In the cable theft prevention device 10, when a thief tries to steal a cable 1, the anti-theft detection conductive wires _6a , _6b , _6c , ... existing on the outer periphery of the cable are cut before the thief cuts the metal core wire 2a in the cable 1, so that the cable can be detected as an anti-theft before the cable is actually stolen.

The theft prediction detection conductive wires _6a , _6b , _6c ... are, for example, enameled wires. Enameled wires are soft copper wires or alumina wires with a diameter of 0.025 to 3.2 mm, on which an insulating coating of varnish containing a polymeric compound with a thickness of about 0.003 to 0.035 mm is baked. Examples of polymeric compounds include polyvinyl formal, polyurethane, polyamide-imide, polyester, and polyamide. If the theft prediction detection conductive wires _6a , _6b , _6c ... are thinner than this range, there is a risk of malfunction due to accidental cutting, and if they are thicker than this range, there is a risk that a thief will recognize the theft prediction detection conductive wires _6a , _6b , _6c ... and will avoid these parts and cut only the cable 1, making it impossible to detect the theft prediction disconnection.

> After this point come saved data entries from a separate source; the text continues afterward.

lemma piecewise_approx_error_has_integral_piece:
  assumes a: "strict_mono_on {..K} a" and k: "k \<in> {1..K}"
    and cont: "continuous_on {-1..1} (loc f a k)"
  shows "((\<lambda>x. (cmod (f x - piecewise_approx N T eps r \<sigma> v u f a x))\<^sup>2) has_integral
      half a k * (l2_norm (\<lambda>t. loc f a k t - tsvd N T eps r \<sigma> v u (loc f a k) t))\<^sup>2)
      {a (k - 1)..a k}"
proof -
  define E where "E = (\<lambda>t. (cmod (loc f a k t - tsvd N T eps r \<sigma> v u (loc f a k) t))\<^sup>2)"
  define e where "e = l2_norm (\<lambda>t. loc f a k t - tsvd N T eps r \<sigma> v u (loc f a k) t)"
  have s: "0 < half a k"
    using k by (auto simp: half_def intro!: strict_mono_onD[OF a])
  have "continuous_on {-1..1} E"
    unfolding E_def using cont by (intro continuous_intros continuous_on_tsvd)
  then have "(E has_integral integral {-1..1} E) {-1..1}" and "integral {-1..1} E = e\<^sup>2"
    by (auto simp: e_def l2_norm_def E_def integral_nonneg integrable_continuous_interval
        intro!: integrable_integral)
  then have "((\<lambda>x. E ((x - mid a k) / half a k)) has_integral half a k * e\<^sup>2)
      {mid a k - half a k..mid a k + half a k}"
    using s by (intro has_integral_rescale_Icc) simp_all
  moreover have "mid a k - half a k = a (k - 1)" "mid a k + half a k = a k"
    by (simp_all add: mid_def half_def field_simps)
  ultimately have "((\<lambda>x. E ((x - mid a k) / half a k)) has_integral half a k * e\<^sup>2) {a (k - 1)..a k}"
    by simp
  then show ?thesis
    unfolding e_def
  proof (rule has_integral_spike_finite[of "{a (k - 1)}", rotated 2])
    fix x assume "x \<in> {a (k - 1)..a k} - {a (k - 1)}"
    then have "x \<in> {a (k - 1)<..a k}"
      by auto
    moreover have "f x = loc f a k ((x - mid a k) / half a k)"
      using s by (simp add: loc_def)
    ultimately show "(cmod (f x - piecewise_approx N T eps r \<sigma> v u f a x))\<^sup>2
        = E ((x - mid a k) / half a k)"
      using piecewise_approx_on_piece[OF a k] by (simp add: E_def)
  qed simp
qed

The anti-theft detection conductive wires _6a , _6b , _6c ... may be the same color or a similar color as the insulating layer 2b and/or sheath 5 covering the metal core wire 2a in the electric wire 3, so that a thief would not cut the cable 1 by avoiding the anti-theft detection conductive wires 6a _{, 6b} , _6c... , or they may be a conspicuous color different from that of the insulating layer 2b and/or the sheath 5 so that a thief would recognize that the anti-theft device 10 of the cable is activated and would give up on the theft.

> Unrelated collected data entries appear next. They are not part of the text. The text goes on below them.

definition curve_length :: "(real \<Rightarrow> 'a::euclidean_space) \<Rightarrow> ereal" where
  "curve_length \<gamma> = (SUP nt \<in> {(n,t). partition01 n t}.
      ereal (\<Sum>i<fst nt. dist (\<gamma> (snd nt (Suc i))) (\<gamma> (snd nt i))))"

definition rectifiable_curve :: "(real \<Rightarrow> 'a::euclidean_space) \<Rightarrow> bool" where
  "rectifiable_curve \<gamma> \<longleftrightarrow> path \<gamma> \<and> curve_length \<gamma> < \<infinity>"

text \<open>Line integral with respect to arc length of a weight f along \<gamma>,
  as the supremum of lower Riemann--Stieltjes sums (for continuous f and rectifiable \<gamma>
  this equals the arc-length integral).\<close>
definition arclength_integral ::
    "('a::euclidean_space \<Rightarrow> real) \<Rightarrow> (real \<Rightarrow> 'a) \<Rightarrow> ereal" where
  "arclength_integral f \<gamma> = (SUP nt \<in> {(n,t). partition01 n t}.
      ereal (\<Sum>i<fst nt. (INF s \<in> {snd nt i .. snd nt (Suc i)}. f (\<gamma> s)) *
                         dist (\<gamma> (snd nt (Suc i))) (\<gamma> (snd nt i))))"

definition qh_dist :: "'a::euclidean_space set \<Rightarrow> 'a \<Rightarrow> 'a \<Rightarrow> ereal" where
  "qh_dist G x y = (INF \<gamma> \<in> {\<gamma>. rectifiable_curve \<gamma> \<and> path_image \<gamma> \<subseteq> G \<and>
        pathstart \<gamma> = x \<and> pathfinish \<gamma> = y}.
      arclength_integral (\<lambda>z. 1 / bdist G z) \<gamma>)"

definition j_dist :: "'a::euclidean_space set \<Rightarrow> 'a \<Rightarrow> 'a \<Rightarrow> real" where
  "j_dist G x y = ln (1 + dist x y / min (bdist G x) (bdist G y))"

text \<open>Uniformity constant (Inf of the empty set is \<infinity>).\<close>
definition uniformity_const :: "'a::euclidean_space set \<Rightarrow> ereal" where
  "uniformity_const G = Inf {ereal A | A. A \<ge> 1 \<and>
      (\<forall>x\<in>G. \<forall>y\<in>G. qh_dist G x y \<le> ereal (A * j_dist G x y))}"

definition vec_angle :: "'a::euclidean_space \<Rightarrow> 'a \<Rightarrow> real" where
  "vec_angle u v = arccos ((u \<bullet> v) / (norm u * norm v))"

text \<open>A convex polygon given by its vertex set P: finitely many points in convex position
  (no vertex in the convex hull of the others) spanning a set with nonempty interior.\<close>
definition convex_polygon_vertices :: "(real^2) set \<Rightarrow> bool" where
  "convex_polygon_vertices P \<longleftrightarrow> finite P \<and> card P \<ge> 3 \<and>
     (\<forall>p\<in>P. p \<notin> convex hull (P - {p})) \<and> interior (convex hull P) \<noteq> {}"

text \<open>Inner angle of the polygon at vertex p: the angle between the two edges at p,
  which equals the largest angle at p subtended by two other vertices.\<close>
definition inner_angle :: "(real^2) set \<Rightarrow> real^2 \<Rightarrow> real" where
  "inner_angle P p = Max {vec_angle (q - p) (r - p) | q r. q \<in> P - {p} \<and> r \<in> P - {p}}"

definition smallest_inner_angle :: "(real^2) set \<Rightarrow> real" where
  "smallest_inner_angle P = Min (inner_angle P ` P)"

end

theory Submission
  imports Defs
begin

text \<open>At a vertex \<open>p\<close> of smallest angle \<open>\<alpha>\<close> the polygon lies in the sector spanned by its two
  edges, so the distance to the boundary is at most \<open>sin (\<alpha>/2) |z - p|\<close>. Take \<open>x\<close> near \<open>p\<close> and
  \<open>y\<close> near another vertex \<open>f\<close>, both at distance about \<open>t\<close> from the boundary, with
  \<open>t \<approx> |p - f| / \<lambda>\<^sup>N\<close>. A curve from \<open>x\<close> to \<open>y\<close> must first multiply its distance to \<open>p\<close> by
  \<open>\<lambda>\<^sup>N\<close> and afterwards divide \<open>d(y) + |z - y|\<close> by \<open>\<lambda>\<^sup>N\<close>; cutting it where these quantities pass
  the levels \<open>\<lambda>\<^sup>i\<close> gives lower sums showing \<open>k\<^sub>G(x, y) \<ge> N (1 - 1/\<lambda>) (1 + 1/sin(\<alpha>/2))\<close>,
  whereas \<open>j\<^sub>G(x, y) \<le> N ln \<lambda> + O(1)\<close>. Letting \<open>N \<rightarrow> \<infinity>\<close> and then \<open>\<lambda> \<rightarrow> 1\<close> gives the bound.\<close>

section \<open>Distance to the boundary\<close>

lemma bdist_le_dist_outside:
  fixes G :: "'a::euclidean_space set"
  assumes "z \<in> G" "f \<notin> G"
  shows "bdist G z \<le> dist z f"
proof -
  obtain b where b: "b \<in> closed_segment z f" "b \<in> frontier G"
    using connected_Int_frontier[of "closed_segment z f" G] assms by auto
  have "bdist G z \<le> dist z b"
    unfolding bdist_def using b(2) by (rule infdist_le)
  also have "\<dots> \<le> dist z f"
    using dist_in_closed_segment[OF b(1)] by (simp add: dist_commute)
  finally show ?thesis .
qed

lemma le_bdist_if_ball_subset:
  fixes G :: "'a::euclidean_space set"
  assumes "open G" "G \<noteq> UNIV" "ball z e \<subseteq> G"
  shows "e \<le> bdist G z"
proof (cases "e > 0")
  case True
  then have "frontier G \<noteq> {}"
    using assms by (intro frontier_not_empty) auto
  moreover have "e \<le> dist z a" if "a \<in> frontier G" for a
    using that assms(1,3) by (force simp: frontier_def interior_open)
  ultimately show ?thesis
    unfolding bdist_def infdist_def by (auto intro: cINF_greatest)
next
  case False
  then show ?thesis
    using infdist_nonneg[of z "frontier G"] by (simp add: bdist_def)
qed

lemma bdist_pos:
  fixes G :: "'a::euclidean_space set"
  assumes "open G" "G \<noteq> UNIV" "z \<in> G"
  shows "0 < bdist G z"
proof -
  obtain e where "e > 0" "ball z e \<subseteq> G"
    using assms(1,3) openE by blast
  then show ?thesis
    using le_bdist_if_ball_subset[OF assms(1,2)] by force
qed

lemma bdist_le_halfspace:
  fixes G :: "'a::euclidean_space set"
  assumes "a \<noteq> 0" "open G" "G \<subseteq> {w. 0 \<le> a \<bullet> (w - p)}" "z \<in> G"
  shows "bdist G z \<le> a \<bullet> (z - p) / norm a"
proof -
  define f where "f = z - (a \<bullet> (z - p) / (norm a)\<^sup>2) *\<^sub>R a"
  have "{w. 0 \<le> a \<bullet> (w - p)} = {w. a \<bullet> p \<le> a \<bullet> w}"
    by (auto simp: inner_diff_right)
  then have "G \<subseteq> {w. a \<bullet> p < a \<bullet> w}"
    using interior_maximal[OF assms(3,2)] interior_halfspace_ge[OF assms(1)] by auto
  moreover have "a \<bullet> f = a \<bullet> p"
    using assms(1) by (simp add: f_def inner_diff_right power2_norm_eq_inner)
  ultimately have "f \<notin> G"
    by auto
  then have "bdist G z \<le> dist z f"
    by (rule bdist_le_dist_outside[OF assms(4)])
  also have "dist z f = a \<bullet> (z - p) / norm a"
  proof -
    have "0 \<le> a \<bullet> (z - p)"
      using assms(3,4) by auto
    then show ?thesis
      using assms(1) by (simp add: f_def dist_norm power2_eq_square)
  qed
  finally show ?thesis .
qed

text \<open>For unit vectors \<open>U \<noteq> \<plusminus>V\<close> of the plane, the closed sector at \<open>p\<close> between the rays
  along \<open>U\<close> and \<open>V\<close>: \<open>V - (U \<bullet> V) *\<^sub>R U\<close> is the normal to \<open>U\<close> pointing towards \<open>V\<close>
  and vice versa.\<close>
definition wedge :: "'a::real_inner \<Rightarrow> 'a \<Rightarrow> 'a \<Rightarrow> 'a set" where
  "wedge p U V = {w. 0 \<le> (V - (U \<bullet> V) *\<^sub>R U) \<bullet> (w - p) \<and> 0 \<le> (U - (U \<bullet> V) *\<^sub>R V) \<bullet> (w - p)}"

lemma convex_wedge: "convex (wedge p U V)"
proof -
  have "wedge p U V = {w. (V - (U \<bullet> V) *\<^sub>R U) \<bullet> p \<le> (V - (U \<bullet> V) *\<^sub>R U) \<bullet> w}
      \<inter> {w. (U - (U \<bullet> V) *\<^sub>R V) \<bullet> p \<le> (U - (U \<bullet> V) *\<^sub>R V) \<bullet> w}"
    unfolding wedge_def by (auto simp: inner_diff_right)
  then show ?thesis
    by (simp add: convex_Int convex_halfspace_ge)
qed

lemma norm_unit_normal:
  fixes U V :: "'a::real_inner"
  assumes "norm U = 1" "norm V = 1"
  shows "norm (V - (U \<bullet> V) *\<^sub>R U) = sqrt (1 - (U \<bullet> V)\<^sup>2)"
proof -
  have "(norm (V - (U \<bullet> V) *\<^sub>R U))\<^sup>2 = 1 - (U \<bullet> V)\<^sup>2"
    unfolding power2_norm_eq_inner using assms
    by (simp add: inner_diff_left inner_diff_right inner_commute power2_eq_square norm_eq_1)
  then show ?thesis
    by (simp add: real_sqrt_unique)
qed

lemma one_minus_inner_mult_norm_add:
  fixes U V :: "'a::real_inner"
  assumes U: "norm U = 1" and V: "norm V = 1" and c: "\<bar>U \<bullet> V\<bar> < 1"
  shows "(1 - U \<bullet> V) * norm (U + V) = 2 * sqrt ((1 - U \<bullet> V) / 2) * sqrt (1 - (U \<bullet> V)\<^sup>2)"
proof -
  define c where "c = U \<bullet> V"
  have n2: "(norm (U + V))\<^sup>2 = 2 * (1 + c)"
    using U V by (simp add: c_def power2_norm_eq_inner inner_add_left inner_add_right
        inner_commute norm_eq_1)
  have s2: "(sqrt ((1 - c) / 2))\<^sup>2 = (1 - c) / 2" and \<sigma>2: "(sqrt (1 - c\<^sup>2))\<^sup>2 = 1 - c\<^sup>2"
    using c by (simp_all add: c_def abs_square_less_1 less_imp_le)
  have "((1 - c) * norm (U + V))\<^sup>2 = (1 - c)\<^sup>2 * (2 * (1 + c))"
    by (simp add: power_mult_distrib n2)
  also have "\<dots> = 2\<^sup>2 * ((1 - c) / 2) * (1 - c\<^sup>2)"
    by (simp add: power2_eq_square algebra_simps)
  also have "\<dots> = (2 * sqrt ((1 - c) / 2) * sqrt (1 - c\<^sup>2))\<^sup>2"
    by (simp only: power_mult_distrib s2 \<sigma>2)
  finally have sq: "((1 - c) * norm (U + V))\<^sup>2 = (2 * sqrt ((1 - c) / 2) * sqrt (1 - c\<^sup>2))\<^sup>2" .
  have "0 \<le> 1 - c" "0 \<le> 1 - c\<^sup>2"
    using c by (simp_all add: c_def abs_square_less_1 less_imp_le)
  then show ?thesis
    unfolding c_def[symmetric] by (intro power2_eq_imp_eq[OF sq]) simp_all
qed

text \<open>The smaller of the two distances to the sides is at most their average, which
  Cauchy--Schwarz bounds by the half-angle sine.\<close>
lemma bdist_le_wedge:
  fixes G :: "'a::euclidean_space set"
  assumes U: "norm U = 1" and V: "norm V = 1" and c: "\<bar>U \<bullet> V\<bar> < 1"
    and "open G" "G \<subseteq> wedge p U V" "z \<in> G"
  shows "bdist G z \<le> sqrt ((1 - U \<bullet> V) / 2) * dist z p"
proof -
  define c where "c = U \<bullet> V"
  define \<sigma> where "\<sigma> = sqrt (1 - c\<^sup>2)"
  have \<sigma>: "\<sigma> > 0"
    using c by (simp add: \<sigma>_def c_def abs_square_less_1)
  have nU: "norm (V - c *\<^sub>R U) = \<sigma>" and nV: "norm (U - c *\<^sub>R V) = \<sigma>"
    using norm_unit_normal[OF U V] norm_unit_normal[OF V U]
    by (simp_all add: c_def \<sigma>_def inner_commute)
  have "G \<subseteq> {w. 0 \<le> (V - c *\<^sub>R U) \<bullet> (w - p)}" "G \<subseteq> {w. 0 \<le> (U - c *\<^sub>R V) \<bullet> (w - p)}"
    using assms(5) by (auto simp: wedge_def c_def inner_commute)
  then have "bdist G z \<le> (V - c *\<^sub>R U) \<bullet> (z - p) / \<sigma>" "bdist G z \<le> (U - c *\<^sub>R V) \<bullet> (z - p) / \<sigma>"
    using bdist_le_halfspace[OF _ \<open>open G\<close> _ \<open>z \<in> G\<close>] nU nV \<sigma> by (metis norm_zero less_irrefl)+
  then have "2 * bdist G z \<le> ((V - c *\<^sub>R U) + (U - c *\<^sub>R V)) \<bullet> (z - p) / \<sigma>"
    by (simp add: inner_add_left add_divide_distrib)
  also have "\<dots> = ((1 - c) *\<^sub>R (U + V)) \<bullet> (z - p) / \<sigma>"
    by (simp add: algebra_simps)
  also have "\<dots> \<le> (1 - c) * norm (U + V) * dist z p / \<sigma>"
    using c \<sigma> norm_cauchy_schwarz[of "U + V" "z - p"]
    by (auto simp: c_def dist_norm mult.assoc intro!: divide_right_mono mult_left_mono)
  also have "\<dots> = 2 * sqrt ((1 - c) / 2) * \<sigma> * dist z p / \<sigma>"
    using one_minus_inner_mult_norm_add[OF U V c] by (simp add: c_def \<sigma>_def)
  finally show ?thesis
    using \<sigma> by (simp add: c_def)
qed

section \<open>Lower sums along geometric ladders\<close>

definition is_partition :: "real \<Rightarrow> real \<Rightarrow> nat \<Rightarrow> (nat \<Rightarrow> real) \<Rightarrow> bool" where
  "is_partition a b n t \<longleftrightarrow> t 0 = a \<and> t n = b \<and> (\<forall>i<n. t i \<le> t (Suc i))"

Each of the theft sign detection conductive wires 6a, 6b, 6c... is individually connected to the detection circuits 30a, 30b, 30c.... When at least one of the theft sign detection conductive wires 6a, 6b, 6c... is intentionally cut, the detection circuits 30a, 30b, 30c... detect a change in the current and/or voltage flowing through the theft sign detection conductive wires 6a, 6b, 6c..., making it possible to detect at which end of which cable the cable cutting is about to begin.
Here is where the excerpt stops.